Last week I told you that God doesn’t think the way we do. That God gives precious food without charging for it. That God will abundantly pardon. That God has nothing to do with rewards and punishments. That God has everything to do with second chances … and third chances and fourth chances and seventy-times-seven chances. That where misery is, there is the Messiah. God doesn’t keep score. God isn’t in the punishment and reward business.

But I am. I am judgmental. I am keeping score. I am full of righteous indignation. I’m sitting in the audience judging this family, and grading them way down. In the first act I was all for punishing the little brother. He deserved all the grief he was getting. In the second act I was all for punishing the big brother. He deserved it for not welcoming his little brother home. I was even deducting points from the father for not managing his family correctly.

You know, I spent a lot of my life thinking, “If God gives everybody what they deserve, my little brother is in big trouble!” I since have discovered that he spent a lot of his life thinking, “If God gives everybody what they deserve, Don is in big trouble!”

But God doesn’t keep score. God doesn’t punish or reward.
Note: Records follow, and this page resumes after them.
(* The only novel partition of length $4$ is $(1,1,1,1)$.
   Context: An integer partition is $\lambda=(\lambda_1,\dots,\lambda_k)$ with integers $\lambda_1\ge\dots\ge\lambda_k\ge 1$; $k$ is its length. For $v\in\mathbb{Z}^k$ let $v^{\perp B}=\{x\in\{-1,1\}^k: v\cdot x=0\}$; $\lambda^{\perp B}$ is this set for $(\lambda_1,\dots,\lambda_k)$. $V_\lambda\subset\mathbb{Z}^k$ is the set of vectors obtained from $(\lambda_1,\dots,\lambda_k)$ by permuting coordinates and changing signs of some coordinates, with first coordinate positive. For $I\subset\{1,\dots,m\}$, $\mathrm{Proj}_I:\{-1,1\}^m\to\{-1,1\}^{|I|}$ keeps the coordinates indexed by $I$. Reduction: for partitions $\mu$ of length $m$ and $\lambda$ of length $k\le m$, $\mu\Rightarrow\lambda$ iff there exist $I\subset\{1,\dots,m\}$, $|I|=k$, and $v\in V_\lambda$ with $\mathrm{Proj}_I(\mu^{\perp B})\subset v^{\perp B}$. $\mu$ strictly reduces to $\lambda$ iff $\mu\Rightarrow\lambda$ and not $\lambda\Rightarrow\mu$. Partitions $\lambda,\mu$ of the same length are equivalent iff there is $w\in V_\mu$ with $\lambda^{\perp B}=w^{\perp B}$. A partition $\lambda$ is novel iff $\lambda^{\perp B}\neq\emptyset$, $\lambda$ strictly reduces to no partition, and $\lambda$ is lexicographically smallest among partitions equivalent to it. *)

theory Defs
  imports "HOL-Library.Multiset"
begin

text \<open>Integer vectors of length k are int lists of length k; coordinates are 0-indexed.\<close>

definition is_partition :: "int list \<Rightarrow> bool" where
  "is_partition l \<longleftrightarrow> l \<noteq> [] \<and> sorted_wrt (\<ge>) l \<and> (\<forall>a\<in>set l. a \<ge> 1)"

definition sign_vectors :: "nat \<Rightarrow> int list set" where
  "sign_vectors k = {x. length x = k \<and> set x \<subseteq> {-1, 1}}"

definition dotp :: "int list \<Rightarrow> int list \<Rightarrow> int" where
  "dotp v x = sum_list (map2 (*) v x)"

definition perpB :: "int list \<Rightarrow> int list set" where
  "perpB v = {x \<in> sign_vectors (length v). dotp v x = 0}"

definition Vset :: "int list \<Rightarrow> int list set" where
  "Vset l = {v. \<exists>p s. mset p = mset l \<and> s \<in> sign_vectors (length l) \<and>
                     v = map2 (*) s p \<and> v \<noteq> [] \<and> hd v > 0}"

definition Proj :: "nat set \<Rightarrow> int list \<Rightarrow> int list" where
  "Proj I x = nths x I"

definition reduces :: "int list \<Rightarrow> int list \<Rightarrow> bool" (infix "\<Rrightarrow>" 50) where
  "reduces mu l \<longleftrightarrow> length l \<le> length mu \<and>
     (\<exists>I v. I \<subseteq> {0..<length mu} \<and> card I = length l \<and> v \<in> Vset l \<and>
            Proj I ` perpB mu \<subseteq> perpB v)"

definition strictly_reduces :: "int list \<Rightarrow> int list \<Rightarrow> bool" where
  "strictly_reduces mu l \<longleftrightarrow> reduces mu l \<and> \<not> reduces l mu"

definition equivalent :: "int list \<Rightarrow> int list \<Rightarrow> bool" where
  "equivalent l mu \<longleftrightarrow> length l = length mu \<and> (\<exists>w\<in>Vset mu. perpB l = perpB w)"

definition lex_le :: "int list \<Rightarrow> int list \<Rightarrow> bool" where
  "lex_le a b \<longleftrightarrow> a = b \<or> (a, b) \<in> lexord {(x, y). x < y}"

definition novel :: "int list \<Rightarrow> bool" where
  "novel l \<longleftrightarrow> is_partition l \<and> perpB l \<noteq> {} \<and>
     (\<forall>mu. is_partition mu \<longrightarrow> \<not> strictly_reduces l mu) \<and>
     (\<forall>mu. is_partition mu \<and> equivalent l mu \<longrightarrow> lex_le l mu)"

end

theory Submission
  imports Defs
begin

text \<open>
  Novelty of (1,1,1,1): it is lexicographically least among partitions of its
  length, and whenever (1,1,1,1) reduces to a partition \<mu>, the six balanced
  sign vectors (two entries 1, two entries -1) force the index set I to be
  everything and the witness vector to be constant, so \<mu> = (c,c,c,c).  Such a
  \<mu> has the same orthogonal sign vectors as (1,1,1,1) and reduces back, so the
  reduction is not strict.

  Every other partition l of length 4 fails to be novel: if l = (c,c,c,c) with
  c > 1 it is equivalent to the lexicographically smaller (1,1,1,1); otherwise
  every sign vector orthogonal to l has opposite signs in its first two
  coordinates, so l strictly reduces to (1,1).
\<close>

lemma length_4_cases: "length xs = 4 \<Longrightarrow> \<exists>a b c d. xs = [a, b, c, d]"
  by (auto simp: numeral_eq_Suc length_Suc_conv)

lemma dotp_scale: "dotp (map ((*) c) v) x = c * dotp v x"
  unfolding dotp_def
proof (induction v arbitrary: x)
  case (Cons a v)
  then show ?case by (cases x) (simp_all add: algebra_simps)
qed simp

lemma perpB_scale:
  assumes "c \<noteq> 0"
  shows "perpB (map ((*) c) v) = perpB v"
  using assms by (simp add: perpB_def dotp_scale)

lemma partition_in_Vset:
  assumes "is_partition l"
  shows "l \<in> Vset l"
proof -
  have "map2 (*) (replicate (length l) 1) l = l"
    by (induction l) simp_all
  moreover have "l \<noteq> []" using assms by (simp add: is_partition_def)
  moreover have "hd l \<ge> 1"
    using assms hd_in_set[OF \<open>l \<noteq> []\<close>] unfolding is_partition_def by blast
  ultimately show ?thesis
    unfolding Vset_def sign_vectors_def
    by (intro CollectI exI[of _ l] exI[of _ "replicate (length l) 1"]) auto
qed

lemma Vset_abs:
  assumes "v \<in> Vset mu" "is_partition mu"
  shows "mset (map abs v) = mset mu" "hd v > 0" "v \<noteq> []"
proof -
  obtain p s where ps: "mset p = mset mu" "s \<in> sign_vectors (length mu)"
    "v = map2 (*) s p" "v \<noteq> []" "hd v > 0"
    using assms(1) unfolding Vset_def by blast
  have lp: "length p = length mu" using ps(1) by (metis size_mset)
  have ls: "length s = length mu" "set s \<subseteq> {-1, 1}"
    using ps(2) by (auto simp: sign_vectors_def)
  have pos: "\<forall>a\<in>set p. a \<ge> 1"
    using ps(1) assms(2) by (metis is_partition_def set_mset_mset)
  have "map abs v = p"
  proof (rule nth_equalityI)
    show "length (map abs v) = length p" using ps(3) lp ls by simp
    fix i assume "i < length (map abs v)"
    then have i: "i < length p" "i < length s" using ps(3) lp ls by auto
    have "s ! i \<in> {-1, 1}" "p ! i \<ge> 1" using ls(2) pos i nth_mem by blast+
    then show "map abs v ! i = p ! i" using ps(3) i by (auto simp: abs_mult)
  qed
  then show "mset (map abs v) = mset mu" using ps(1) by simp
  show "hd v > 0" "v \<noteq> []" using ps by auto
qed

text \<open>Reduction between vectors of equal length only needs an inclusion of the
  orthogonal sign vectors (take I to be all coordinates).\<close>

lemma reduces_of_perpB_subset:
  assumes "length mu = length l" "w \<in> Vset l" "perpB mu \<subseteq> perpB w"
  shows "mu \<Rrightarrow> l"
proof -
  have "Proj {0..<length mu} x = x" if "x \<in> perpB mu" for x
    using that by (simp add: Proj_def perpB_def sign_vectors_def nths_all)
  then have "Proj {0..<length mu} ` perpB mu \<subseteq> perpB w"
    using assms(3) by auto
  then show ?thesis
    using assms(1,2) unfolding reduces_def by (intro conjI exI) auto
qed

text \<open>A reduction to a strictly shorter partition is always strict, since a
  partition cannot reduce to a longer one.\<close>

lemma strictly_reduces_of_shorter:
  assumes "length l < length mu" "mu \<Rrightarrow> l"
  shows "strictly_reduces mu l"
  using assms by (simp add: strictly_reduces_def reduces_def)

lemma lex_le_pointwise:
  assumes "list_all2 (\<le>) a b"
  shows "lex_le a b"
  using assms
proof (induction rule: list_all2_induct)
  case (Cons x xs y ys)
  then show ?case by (auto simp: lex_le_def)
qed (simp add: lex_le_def)

lemma novel_not_strictly_reduces:
  "novel l \<Longrightarrow> is_partition mu \<Longrightarrow> \<not> strictly_reduces l mu"
  unfolding novel_def by blast

lemma novel_lex_least:
  "novel l \<Longrightarrow> is_partition mu \<Longrightarrow> equivalent l mu \<Longrightarrow> lex_le l mu"
  unfolding novel_def by blast

lemma nths_4:
  "nths [a, b, c, d] I = (if 0 \<in> I then [a] else []) @ (if 1 \<in> I then [b] else [])
     @ (if 2 \<in> I then [c] else []) @ (if 3 \<in> I then [d] else [])"
  by (simp add: nths_Cons numeral_eq_Suc)

lemma card_subset_4:
  assumes "I \<subseteq> {0..<4::nat}"
  shows "card I = length (filter (\<lambda>i. i \<in> I) [0, 1, 2, 3])"
proof -
  have "x = 0 \<or> x = 1 \<or> x = 2 \<or> x = 3" if "x \<in> I" for x
    using assms that by auto
  then have "I = set (filter (\<lambda>i. i \<in> I) [0, 1, 2, 3])" by auto
  moreover have "distinct (filter (\<lambda>i. i \<in> I) [0, 1, 2, 3 :: nat])" by simp
  ultimately show ?thesis by (metis distinct_card)
qed

definition balanced4 :: "int list set" where
  "balanced4 = {[1,1,-1,-1], [1,-1,1,-1], [1,-1,-1,1], [-1,-1,1,1], [-1,1,-1,1], [-1,1,1,-1]}"

lemma balanced4_perpB: "balanced4 \<subseteq> perpB [1, 1, 1, 1]"
  by (auto simp: balanced4_def perpB_def sign_vectors_def dotp_def)

lemma balanced4_projection_rigid:
  assumes I: "I \<subseteq> {0..<4}" and len: "length v = card I"
    and nonzero: "\<forall>a\<in>set v. a \<noteq> 0" and "v \<noteq> []"
    and orth: "\<forall>x\<in>balanced4. dotp v (nths x I) = 0"
  shows "\<exists>c. v = [c, c, c, c]"
proof -
  have "dotp v (nths [1,1,-1,-1] I) = 0" "dotp v (nths [1,-1,1,-1] I) = 0"
    "dotp v (nths [1,-1,-1,1] I) = 0" "dotp v (nths [-1,-1,1,1] I) = 0"
    "dotp v (nths [-1,1,-1,1] I) = 0" "dotp v (nths [-1,1,1,-1] I) = 0"
    using orth by (simp_all add: balanced4_def)
  then show ?thesis
    using len[unfolded card_subset_4[OF I]] nonzero \<open>v \<noteq> []\<close>
    apply (cases "0 \<in> I"; cases "1 \<in> I"; cases "2 \<in> I"; cases "3 \<in> I")
    apply (simp_all add: nths_4)
    apply (auto simp: dotp_def length_Suc_conv numeral_eq_Suc)
    done
qed

lemma reduces_from_ones:
  assumes red: "[1, 1, 1, 1] \<Rrightarrow> mu" and part: "is_partition mu"
  shows "\<exists>c \<ge> 1. mu = [c, c, c, c]"
proof -
  obtain I v where I_len: "I \<subseteq> {0..<length [1, 1, 1, 1 :: int]}" and card_I: "card I = length mu"
    and v: "v \<in> Vset mu" and sub: "Proj I ` perpB [1, 1, 1, 1] \<subseteq> perpB v"
    using red unfolding reduces_def by blast
  have I: "I \<subseteq> {0..<4}" using I_len by (simp add: numeral_eq_Suc)
  have mset_v: "mset (map abs v) = mset mu" and "hd v > 0" "v \<noteq> []"
    using Vset_abs[OF v part] by auto
  have len_v: "length v = length mu" using mset_v by (metis length_map size_mset)
  have set_v: "abs ` set v = set mu" using mset_v by (metis list.set_map set_mset_mset)
  have "\<forall>a\<in>set v. a \<noteq> 0" using set_v part by (force simp: is_partition_def)
  moreover have "\<forall>x\<in>balanced4. dotp v (nths x I) = 0"
    using balanced4_perpB sub by (force simp: perpB_def Proj_def)
  ultimately obtain c where c: "v = [c, c, c, c]"
    using balanced4_projection_rigid[OF I] card_I len_v \<open>v \<noteq> []\<close> by force
  have "c \<ge> 1" using \<open>hd v > 0\<close> c by simp
  have "length mu = 4" using len_v c by simp
  have "mu = replicate (length mu) \<bar>c\<bar>"
    using set_v c by (intro replicate_length_same[symmetric]) auto
  also have "\<dots> = [c, c, c, c]"
    using \<open>length mu = 4\<close> \<open>c \<ge> 1\<close> by (simp add: numeral_eq_Suc)
  finally show ?thesis using \<open>c \<ge> 1\<close> by blast
qed

lemma perpB_const: "c \<noteq> 0 \<Longrightarrow> perpB [c, c, c, c] = perpB [1, 1, 1, 1]"
  using perpB_scale[of c "[1, 1, 1, 1]"] by simp

lemma ones_partition: "is_partition [1, 1, 1, 1]"
  by (simp add: is_partition_def)

lemma novel_ones: "novel [1, 1, 1, 1]"
  unfolding novel_def
proof (intro conjI allI impI)
  show "is_partition [1, 1, 1, 1]" by (fact ones_partition)
  show "perpB [1, 1, 1, 1] \<noteq> {}" using balanced4_perpB by (auto simp: balanced4_def)
  fix mu
  show "\<not> strictly_reduces [1, 1, 1, 1] mu" if part: "is_partition mu"
  proof
    assume strict: "strictly_reduces [1, 1, 1, 1] mu"
    then obtain c where "c \<ge> 1" and mu: "mu = [c, c, c, c]"
      using reduces_from_ones[OF _ part] unfolding strictly_reduces_def by blast
    then have "perpB mu = perpB [1, 1, 1, 1]" using perpB_const[of c] by simp
    then have "mu \<Rrightarrow> [1, 1, 1, 1]"
      using reduces_of_perpB_subset[OF _ partition_in_Vset[OF ones_partition]] mu by simp
    then show False using strict unfolding strictly_reduces_def by blast
  qed
  show "lex_le [1, 1, 1, 1] mu" if "is_partition mu \<and> equivalent [1, 1, 1, 1] mu"
  proof -
    have "length mu = 4" using that by (simp add: equivalent_def)
    then obtain a b c d where mu: "mu = [a, b, c, d]" using length_4_cases by blast
    then have "a \<ge> 1" "b \<ge> 1" "c \<ge> 1" "d \<ge> 1" using that by (simp_all add: is_partition_def)
    then show ?thesis using mu by (intro lex_le_pointwise) simp
  qed
qed

text \<open>For a non-constant partition (a,b,c,d), a balancing sign vector must give
  opposite signs to a and b: equal signs would need a + b \<le> c + d.\<close>

lemma perpB_first_pair:
  assumes "is_partition [a, b, c, d]" "\<not> (a = b \<and> b = c \<and> c = d)"
    and "x \<in> perpB [a, b, c, d]"
  shows "nths x {0, 1} \<in> perpB [1, 1]"
proof -
  have "length x = 4" using assms(3) by (simp add: perpB_def sign_vectors_def)
  then obtain x0 x1 x2 x3 where x: "x = [x0, x1, x2, x3]" using length_4_cases by blast
  have signs: "x0 \<in> {-1, 1}" "x1 \<in> {-1, 1}" "x2 \<in> {-1, 1}" "x3 \<in> {-1, 1}"
    and balance: "a * x0 + b * x1 + c * x2 + d * x3 = 0"
    using assms(3) x by (auto simp: perpB_def sign_vectors_def dotp_def)
  have "a \<ge> b" "b \<ge> c" "c \<ge> d" "d \<ge> 1" using assms(1) by (auto simp: is_partition_def)
  then have "x0 + x1 = 0" using signs balance assms(2) by auto
  then show ?thesis using x signs by (simp add: nths_4 perpB_def sign_vectors_def dotp_def)
qed

lemma not_novel_other:
  assumes part: "is_partition l" and len: "length l = 4" and ne: "l \<noteq> [1, 1, 1, 1]"
  shows "\<not> novel l"
proof
  assume nov: "novel l"
  obtain a b c d where l: "l = [a, b, c, d]" using length_4_cases[OF len] by blast
  have "a \<ge> b" "b \<ge> c" "c \<ge> d" "d \<ge> 1" using part l by (auto simp: is_partition_def)
  show False
  proof (cases "a = b \<and> b = c \<and> c = d")
    case True
    then have "a > 1" using ne l \<open>d \<ge> 1\<close> by auto
    then have "equivalent l [1, 1, 1, 1]"
      using partition_in_Vset[OF ones_partition] perpB_const[of a] l True
      by (auto simp: equivalent_def)
    moreover have "\<not> lex_le l [1, 1, 1, 1]" using \<open>a > 1\<close> l by (auto simp: lex_le_def)
    ultimately show False using novel_lex_least[OF nov ones_partition] by blast
  next
    case False
    have "Proj {0, 1} ` perpB l \<subseteq> perpB [1, 1]"
      using perpB_first_pair[OF part[unfolded l] False] l by (auto simp: Proj_def)
    moreover have "is_partition [1, 1 :: int]" by (simp add: is_partition_def)
    ultimately have "l \<Rrightarrow> [1, 1]"
      using len partition_in_Vset[of "[1, 1]"] unfolding reduces_def
      by (intro conjI exI[of _ "{0, 1}"] exI[of _ "[1, 1]"]) auto
    then have "strictly_reduces l [1, 1]" using len by (intro strictly_reduces_of_shorter) auto
    then show False using novel_not_strictly_reduces[OF nov \<open>is_partition [1, 1 :: int]\<close>] by blast
  qed
qed

theorem mainTheorem8:
  shows "\<forall>l. is_partition l \<and> length l = 4 \<longrightarrow> (novel l \<longleftrightarrow> l = [1, 1, 1, 1])"
  using not_novel_other novel_ones by blast

end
God doesn’t think the way we do. This score-keeping is human. This treasuring up grudges is human. This judging others is human. God’s way is completely different.

“In Christ God was reconciling the world to Godself.” Christ was God’s ambassador. The ambassador goes where the need is. The ambassador goes where the pain is. Christ ran down the road to hug the little brother, and Christ left the party to persuade the big brother: “I entreat you, be reconciled to your brother.”
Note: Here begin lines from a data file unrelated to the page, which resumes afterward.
lemma values_below_nth:
  fixes \<tau> :: "nat list"
  assumes "set \<tau> = {0..<m}" "i < length \<tau>"
  shows "{\<tau>!j | j. j < length \<tau> \<and> \<tau>!j < \<tau>!i} = {0..<\<tau>!i}"
proof (rule set_eqI, rule iffI)
  fix n assume "n \<in> {0..<\<tau>!i}"
  moreover have "\<tau>!i < m" using assms nth_mem by fastforce
  ultimately have "n \<in> set \<tau>" using assms(1) by simp
  with \<open>n \<in> {0..<\<tau>!i}\<close> show "n \<in> {\<tau>!j | j. j < length \<tau> \<and> \<tau>!j < \<tau>!i}"
    by (auto simp: in_set_conv_nth)
qed auto

lemma inj_on_order_type_nat: "inj_on order_type_nat (rank_patterns k)"
proof (rule inj_onI)
  fix \<tau> \<sigma> assume "\<tau> \<in> rank_patterns k" "\<sigma> \<in> rank_patterns k" and eq: "order_type_nat \<tau> = order_type_nat \<sigma>"
  then have \<tau>: "length \<tau> = k" "set \<tau> = {0..<card (set \<tau>)}"
    and \<sigma>: "length \<sigma> = k" "set \<sigma> = {0..<card (set \<sigma>)}" unfolding rank_patterns_def by auto
  have less_iff: "\<tau>!j < \<tau>!i \<longleftrightarrow> \<sigma>!j < \<sigma>!i" if "i < k" "j < k" for i j
    using eq[THEN equalityD1, THEN subsetD, of "(j, i)"] eq[THEN equalityD2, THEN subsetD, of "(j, i)"]
      that \<tau>(1) \<sigma>(1) unfolding order_type_nat_def by auto
  have "\<sigma>!i = n" if "i < k" "\<tau>!i = n" for i n
    using that
  proof (induction n arbitrary: i rule: less_induct)
    case (less n)
    have same: "\<sigma>!j = \<tau>!j" if "j < k" "\<tau>!j < \<tau>!i" for j
      using less.IH[of "\<tau>!j" j] less.prems(2) that by simp
    have "{\<sigma>!j | j. j < k \<and> \<sigma>!j < \<sigma>!i} = {\<tau>!j | j. j < k \<and> \<tau>!j < \<tau>!i}"
      using same less_iff[OF less.prems(1)] by fastforce
    then have "{0..<\<sigma>!i} = {0..<n}"
      using values_below_nth[OF \<sigma>(2), of i] values_below_nth[OF \<tau>(2), of i] less.prems \<tau>(1) \<sigma>(1)
      by simp
    then show ?case by (metis atLeast0LessThan lessThan_eq_iff)
  qed
  then show "\<tau> = \<sigma>" using \<tau>(1) \<sigma>(1) by (simp add: nth_equalityI)
qed

lemma card_rank_patterns_le_ot: "card (rank_patterns k) \<le> ot k"
  unfolding ot_def
proof (rule card_inj_on_le[OF inj_on_order_type_nat])
  show "order_type_nat ` rank_patterns k \<subseteq> {order_type_nat x | x. length x = k}"
    unfolding rank_patterns_def by auto
  have "{order_type_nat x | x. length x = k} \<subseteq> Pow ({0..<k} \<times> {0..<k})"
    unfolding order_type_nat_def by auto
  then show "finite {order_type_nat x | x. length x = k}" by (rule finite_subset) simp
qed

lemma unbounded_realizes_list:
  fixes B :: "'a::wellorder set"
  assumes "unbounded B" "set x \<subseteq> B" "x \<noteq> []"
  shows "\<exists>X\<in>S_k (length x) B. \<exists>\<tau>\<in>rank_patterns (length x).
           map (elem_of_rank X) \<tau> = x \<and> Min X = Min (set x)"
proof -
  obtain X where X: "X \<in> S_k (length x) B" "set x \<subseteq> X" "\<forall>z\<in>X - set x. \<forall>s\<in>set x. s < z"
    using unbounded_extend_above[OF assms(1,2) List.finite_set card_length] by blast
  then have "finite X" unfolding S_k_def by blast
  have "elem_of_rank X (rank_in (set x) v) = v" if "v \<in> set x" for v
    using rank_in_upward_extension[OF X(2,3) that] elem_of_rank_rank_in[OF \<open>finite X\<close>, of v] that X(2)
    by auto
  then have "map (elem_of_rank X) (map (rank_in (set x)) x) = x" by (simp add: map_idI)
  moreover have "Min X = Min (set x)"
  proof (rule Min_eqI[OF \<open>finite X\<close>])
    show "Min (set x) \<in> X" using X(2) assms(3) by auto
    show "Min (set x) \<le> z" if "z \<in> X" for z
      using that X(3) assms(3) by (cases "z \<in> set x") (auto intro: less_imp_le)
  qed
  ultimately show ?thesis using X(1) rank_pattern_of_list by blast
qed

text \<open>Non-regressive values are replaced by a regressive dummy of the same length.\<close>
definition pattern_value ::
  "nat \<Rightarrow> ('a::wellorder list \<Rightarrow> 'a list) \<Rightarrow> nat list \<Rightarrow> 'a set \<Rightarrow> 'a list" where
  "pattern_value k g \<tau> X = (let y = g (map (elem_of_rank X) \<tau>) in
     if Max (set y) < Min X then y else replicate k ord_zero)"

lemma length_pattern_value:
  assumes "\<forall>x. length x = k \<longrightarrow> length (g x) = k" "\<tau> \<in> rank_patterns k"
  shows "length (pattern_value k g \<tau> X) = k"
  using assms unfolding pattern_value_def rank_patterns_def by (simp add: Let_def)

lemma pattern_value_regressive:
  assumes "Min X \<noteq> ord_zero"
  shows "\<forall>a\<in>set (pattern_value k g \<tau> X). a < Min X"
  using assms ord_zero_le[of "Min X"]
  unfolding pattern_value_def Let_def by (auto intro: le_less_trans[OF Max_ge[OF List.finite_set]])

lemma regressive_values_subset_pattern_values:
  assumes "0 < k" "unbounded B"
    and "\<forall>\<tau>\<in>rank_patterns k. \<forall>X\<in>S_k k B. pattern_value k g \<tau> X = pattern_value k g \<tau> X0"
  shows "regressive_values k g B \<subseteq> (\<lambda>\<tau>. pattern_value k g \<tau> X0) ` rank_patterns k"
proof
  fix y assume "y \<in> regressive_values k g B"
  then obtain x where x: "length x = k" "set x \<subseteq> B" "y = g x" "Max (set y) < Min (set x)"
    unfolding regressive_values_def by blast
  from x(1) assms(1) have "x \<noteq> []" by auto
  then obtain X \<tau> where X: "X \<in> S_k k B" and \<tau>: "\<tau> \<in> rank_patterns k"
    and "map (elem_of_rank X) \<tau> = x" "Min X = Min (set x)"
    using unbounded_realizes_list[OF assms(2) x(2)] x(1) by blast
  then have "y = pattern_value k g \<tau> X" using x(3,4) unfolding pattern_value_def by simp
  also have "\<dots> = pattern_value k g \<tau> X0" using assms(3) X \<tau> by blast
  finally show "y \<in> (\<lambda>\<tau>. pattern_value k g \<tau> X0) ` rank_patterns k" using \<tau> by blast
qed

theorem lemma4p10:
  fixes k :: nat and g :: "'a::wellorder list \<Rightarrow> 'a list"
  assumes "k > 0"
    and "k_ineffable' k TYPE('a)"
    and "\<forall>x. length x = k \<longrightarrow> length (g x) = k"
  shows "\<exists>B::'a set. infinite B \<and> finite (regressive_values k g B) \<and>
           card (regressive_values k g B) \<le> ot k"
proof -
  have "\<exists>B::'a set. unbounded B \<and> (\<forall>\<tau>\<in>rank_patterns k. \<forall>X\<in>S_k k B. \<forall>Y\<in>S_k k B.
          pattern_value k g \<tau> X = pattern_value k g \<tau> Y)"
    by (rule regressive_families_homogeneous[OF assms(1,2) finite_rank_patterns])
      (simp_all add: length_pattern_value[OF assms(3)] pattern_value_regressive)
  then obtain B :: "'a set" where B: "unbounded B" and homogeneous:
    "\<forall>\<tau>\<in>rank_patterns k. \<forall>X\<in>S_k k B. \<forall>Y\<in>S_k k B. pattern_value k g \<tau> X = pattern_value k g \<tau> Y"
    by blast
  obtain X0 where "X0 \<in> S_k k B"
    using infinite_arbitrarily_large[OF unbounded_imp_infinite[OF B]] unfolding S_k_def by blast
  then have sub: "regressive_values k g B \<subseteq> (\<lambda>\<tau>. pattern_value k g \<tau> X0) ` rank_patterns k"
    using regressive_values_subset_pattern_values[OF assms(1) B] homogeneous by blast
  have "finite (regressive_values k g B)" using finite_subset[OF sub] finite_rank_patterns by blast
  have "card (regressive_values k g B) \<le> card ((\<lambda>\<tau>. pattern_value k g \<tau> X0) ` rank_patterns k)"
    by (rule card_mono[OF finite_imageI[OF finite_rank_patterns] sub])
  also have "\<dots> \<le> card (rank_patterns k)" by (rule card_image_le[OF finite_rank_patterns])
  also have "\<dots> \<le> ot k" by (rule card_rank_patterns_le_ot)
  finally show ?thesis using \<open>finite (regressive_values k g B)\<close> unbounded_imp_infinite[OF B] by blast
qed

end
The nature of God is not judgment but reconciliation. The nature of God is not punishment or reward, but wild, extravagant, over-the-top partying when a single lost child comes home. The nature of God is not keeping score but gentle persuasion, “I entreat you, be reconciled ...”

God is the gardener who won’t give up. God is the prodigal father who never ceases to love. God is the ambassador who is always throwing parties, but also willing to leave the party to go where the pain is. God is the business owner who gives the one-hour worker a full day’s pay. God is the innocent victim, who still has love for the thief on the nearby cross.

Jesus never tells us how the story ends. Jesus doesn’t tell us if the older brother ever comes in from the cold. And even if he did, Jesus doesn’t tell us how the relationship worked out the day after, the week after, the year after. My guess is that they had to make it up as they went along. No script. Lots of mistakes. Lots of new opportunities for the father to seek reconciliation. Lots of new chances for each one to be an ambassador.

You and I have been welcomed home to a party in our honor. You and I have been invited to come in from the cold. And you and I have been made ambassadors, to go where the pain is, to make it up as we go along, to express the overwhelming, extravagant, prodigal love of God.